Bill Matyastik ("Bill"), temporary guardian for Rose Matyastik, filed an application
for approval of attorney's fees to be paid from the guardianship estate. The Probate Code allows
a guardian to be reimbursed from a guardianship estate for all necessary and reasonable expenses
incurred in performing duties as guardian. See Tex. Prob. Code Ann. § 666 (West Supp. 2000).
The Probate Code also requires such expenses to meet certain proof requirements. See id. § 667.
Awards of attorney's fees are generally subject to proof requirements. In this case, the district
court approved a request for attorney's fees with no evidence submitted in support of the
application. We must determine whether the district court, rather than the county court, had
jurisdiction to approve the application, and if so, whether the court can authorize payment of
attorney's fees from an estate without receiving evidence supporting the request.
On rehearing, appellants raise jurisdictional defects relating to the temporary
guardianship appointment.
Factual Background
Bill filed an Application for Appointment of Guardian of the Estate and Person of
Rose Matyastik July 7, 1998 in the Milam County Court. On July 20, both appellants filed
separate contests to Bill's application. The county court signed an order transferring "this
guardianship" to the district court "in accordance with Texas Probate Code 606." On
September 1, Bill filed an application to be appointed the temporary guardian of the person and
estate of Ms. Matyastik, and also sought a temporary restraining order against appellants. (1) On
the same day, the district court signed a temporary restraining order against appellants, appointed
an attorney ad litem for Ms. Matyastik, and appointed Bill the temporary guardian of the person
and estate of Ms. Matyastik pending the hearing on the contest of Bill's application to be
appointed temporary guardian. Following a hearing on Bill's application, the district court signed
an order on September 28 that appointed Bill the temporary guardian, imposed a temporary
injunction against appellants, and set a hearing for determining the permanent guardian. (2) Among
other matters, the order empowered Bill
to expend up to $50,000 of the Ward's estate for the care and maintenance of the
Ward, including payment of expenses associated with this guardianship proceeding,
without further Court approval. In the event that the Temporary Guardian shall
be required to expend more of the Ward's estate than the foregoing $50,000 he
shall file a request for such expenditures with this Court and the same shall be
considered approved and authorized unless the other parties hereto shall within 10
days file a contest and request for hearing.
The September 28 order became final.
On March 16, 1999, Bill filed an Application for Payment of Expenses seeking
$13,543.12 in attorney's fees for "expenses arising from the administration and management" of
the estate. The district court signed the order authorizing the expense payment on the same day.

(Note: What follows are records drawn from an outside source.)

lemma sector_iff_T_term_le:
  fixes v :: "'n::finite \<Rightarrow> ereal"
  assumes "v \<in> rmax_vecs" "v i \<noteq> -\<infinity>"
  shows "v \<in> sector i a \<longleftrightarrow> T_term v a i \<le> ereal (a i)"
proof -
  obtain r where r: "v i = ereal r"
    using assms by (cases "v i") (auto simp: rmax_vecs_def)
  have "v \<in> sector i a \<longleftrightarrow> (\<forall>j\<in>UNIV - {i}. v j + ereal (a j) \<le> ereal (r + a i))"
    using assms(1) r by (auto simp: sector_def)
  also have "\<dots> \<longleftrightarrow> (SUP j\<in>UNIV - {i}. v j + ereal (a j)) \<le> ereal (r + a i)"
    by (simp add: SUP_le_iff)
  also have "\<dots> \<longleftrightarrow> T_term v a i \<le> ereal (a i)"
    using SUP_off_diag_not_PInf[OF assms(1), where i=i and x=a] r
    by (cases "SUP j\<in>UNIV - {i}. v j + ereal (a j)") (auto simp: T_term_def)
  finally show ?thesis .
qed

lemma ex_sector:
  fixes v :: "'n::finite \<Rightarrow> ereal"
  assumes "v \<in> rmax_vecs"
  obtains i where "v \<in> sector i a"
proof -
  obtain i where "v i + ereal (a i) = (SUP j. v j + ereal (a j))"
    by (rule SUP_attained_finite[of "UNIV :: 'n set"]) simp_all
  then have "v \<in> sector i a"
    using assms by (auto simp: sector_def intro: SUP_upper)
  then show thesis ..
qed

lemma sector_apex_not_MInf:
  assumes "v \<in> sector i a" "v j \<noteq> -\<infinity>"
  shows "v i \<noteq> -\<infinity>"
  using assms by (auto simp: sector_def)

lemma T_term_gap_le_hilbert_dist:
  fixes v :: "'n::finite \<Rightarrow> ereal"
  assumes v: "v \<in> rmax_vecs" "v i = ereal r" and y: "y \<in> trop_hyperplane a"
  shows "ereal (a i) - T_term v a i \<le> hilbert_dist v y"
  unfolding hilbert_dist_def
proof (rule Inf_greatest, clarify)
  \<comment> \<open>compare the bounds \<open>m \<le> v - y \<le> l\<close> at \<open>i\<close> and at an index \<open>p \<noteq> i\<close> maximising \<open>a + y\<close>\<close>
  fix l m assume lm: "\<forall>j. ereal m + y j \<le> v j \<and> v j \<le> ereal l + y j"
  define S where "S = (SUP j\<in>UNIV - {i}. v j + ereal (a j))"
  define M where "M = (SUP j. ereal (a j) + y j)"
  from y obtain p q where "p \<noteq> q" "ereal (a p) + y p = M" "ereal (a q) + y q = M"
    and y_rmax: "\<And>j. y j \<noteq> \<infinity>"
    unfolding trop_hyperplane_def rmax_vecs_def M_def by blast
  then obtain p where p: "p \<noteq> i" "ereal (a p) + y p = M"
    by metis
  have "ereal r \<le> ereal l + y i"
    using lm v(2) by metis
  with y_rmax obtain yi where yi: "y i = ereal yi" "r - l \<le> yi"
    by (cases "y i") auto
  have "ereal (a i + yi) \<le> M"
    unfolding M_def using yi by (intro SUP_upper2[of i]) auto
  with p y_rmax obtain yp where yp: "y p = ereal yp" "a i + yi \<le> a p + yp"
    by (cases "y p") auto
  have "ereal m + y p \<le> v p"
    using lm by blast
  then have "ereal (m + yp + a p) \<le> v p + ereal (a p)"
    using yp by (cases "v p") auto
  also have "\<dots> \<le> S"
    unfolding S_def using p by (intro SUP_upper) auto
  finally have "ereal (m + a i + r - l) \<le> S"
    using yi yp by (auto elim: order_trans[rotated])
  moreover have "S \<noteq> \<infinity>"
    unfolding S_def by (rule SUP_off_diag_not_PInf[OF v(1)])
  ultimately show "ereal (a i) - T_term v a i \<le> ereal (l - m)"
    using v(2) by (cases S) (auto simp: T_term_def S_def[symmetric])
qed

lemma dist_pt_hyperplane_le_T_term_gap:
  fixes v :: "'n::finite \<Rightarrow> ereal"
  assumes v: "v \<in> sector i a" "v i = ereal r"
  shows "dist_pt_set v (trop_hyperplane a) \<le> ereal (a i) - T_term v a i"
proof -
  define S where "S = (SUP j\<in>UNIV - {i}. v j + ereal (a j))"
  have v_rmax: "v \<in> rmax_vecs"
    using v(1) by (simp add: sector_def)
  have S_le: "S \<le> ereal (r + a i)"
    using v by (auto simp: S_def sector_def intro!: SUP_least)
  show ?thesis
  proof (cases S)
    case MInf
    then show ?thesis using v(2) by (simp add: T_term_def S_def[symmetric])
  next
    case PInf
    then show ?thesis using S_le by simp
  next
    case (real s)
    have "UNIV - {i} \<noteq> {}"
    proof
      assume empty: "UNIV - {i} = {}"
      have "S = -\<infinity>"
        unfolding S_def empty by (simp add: bot_ereal_def)
      with real show False by simp
    qed
    then obtain q where q: "q \<in> UNIV - {i}" "v q + ereal (a q) = S"
      unfolding S_def by (rule SUP_attained_finite[OF finite])
    define y where "y = v(i := ereal (s - a i))"
    have off_le: "v j + ereal (a j) \<le> ereal s" if "j \<noteq> i" for j
      unfolding real[symmetric] S_def using that by (intro SUP_upper) auto
    have "(SUP j. ereal (a j) + y j) = ereal s"
    proof (rule antisym)
      show "(SUP j. ereal (a j) + y j) \<le> ereal s"
        using off_le by (intro SUP_least) (auto simp: y_def add.commute)
      show "ereal s \<le> (SUP j. ereal (a j) + y j)"
        by (rule SUP_upper2[of i]) (auto simp: y_def)
    qed
    moreover have "ereal (a q) + y q = ereal s" "ereal (a i) + y i = ereal s"
      using q real by (auto simp: y_def add.commute)
    moreover have "y \<in> rmax_vecs"
      using v_rmax by (auto simp: y_def rmax_vecs_def)
    ultimately have y_H: "y \<in> trop_hyperplane a"
      unfolding trop_hyperplane_def using q(1) by auto
    have s_le: "s \<le> r + a i"
      using S_le real by simp
    have "hilbert_dist v y \<le> ereal ((r + a i - s) - 0)"
      unfolding hilbert_dist_def
    proof (rule Inf_lower, intro CollectI exI conjI allI)
      fix j
      show "ereal 0 + y j \<le> v j"
        using s_le v(2) by (auto simp: y_def)
      show "v j \<le> ereal (r + a i - s) + y j"
        using s_le v(2) v_rmax by (cases "v j") (auto simp: y_def rmax_vecs_def)
    qed simp
    then have "dist_pt_set v (trop_hyperplane a) \<le> ereal (r + a i - s)"
      unfolding dist_pt_set_def using y_H by (auto intro: INF_lower2)
    then show ?thesis
      using v(2) real by (simp add: T_term_def S_def[symmetric] algebra_simps)
  qed
qed

lemma dist_pt_hyperplane_sector:
  fixes v :: "'n::finite \<Rightarrow> ereal"
  assumes "v \<in> sector i a" "v i \<noteq> -\<infinity>"
  shows "dist_pt_set v (trop_hyperplane a) = ereal (a i) - T_term v a i"
proof -
  have v_rmax: "v \<in> rmax_vecs"
    using assms(1) by (simp add: sector_def)
  then obtain r where r: "v i = ereal r"
    using assms(2) by (cases "v i") (auto simp: rmax_vecs_def)
  show ?thesis
  proof (rule antisym)
    show "dist_pt_set v (trop_hyperplane a) \<le> ereal (a i) - T_term v a i"
      using assms(1) r by (rule dist_pt_hyperplane_le_T_term_gap)
    show "ereal (a i) - T_term v a i \<le> dist_pt_set v (trop_hyperplane a)"
      unfolding dist_pt_set_def
      using T_term_gap_le_hilbert_dist[OF v_rmax r] by (rule INF_greatest)
  qed
qed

In this appeal, appellants, also children of Ms. Matyastik, (3) challenge the district court's
jurisdiction to render the March 16 order, and the approval of the application for payment when
Bill presented no supporting evidence. (4)
Jurisdiction
Appellants contend the district court's order authorizing the payment of expenses
is void because the district court lacks jurisdiction over the management of the guardianship. (5)
They contend the county court, not the district court, has continuing jurisdiction over the
management of the guardianship. Bill argues that once the contested temporary guardianship
matter was transferred to district court, the district court had jurisdiction to hear matters incident
to the estate, including the application for expenses.
Section 606(b) provides that all applications, petitions, and motions regarding
guardianships (6) shall be filed and heard in the county court, "except that in contested guardianship
matters, the judge of the county court may on the judge's own motion, or shall on the motion of
any party to the proceeding, according to the motion, . . . transfer the contested portion of the
proceeding to the district court, which may hear the transferred contested matters as if originally
filed in the district court." Tex. Prob. Code Ann. § 606(b) (West Supp. 2000). The "county
court continues to exercise jurisdiction over the management of the guardianship with the
exception of the contested matter until final disposition of the contested matter is made . . . the
district court." Id.
In contested matters transferred to district court, "the district court, concurrently
with the county court, has the general jurisdiction of a probate court." Id. "A court that
exercises original probate jurisdiction has the power to hear all matters incident to an estate." Id.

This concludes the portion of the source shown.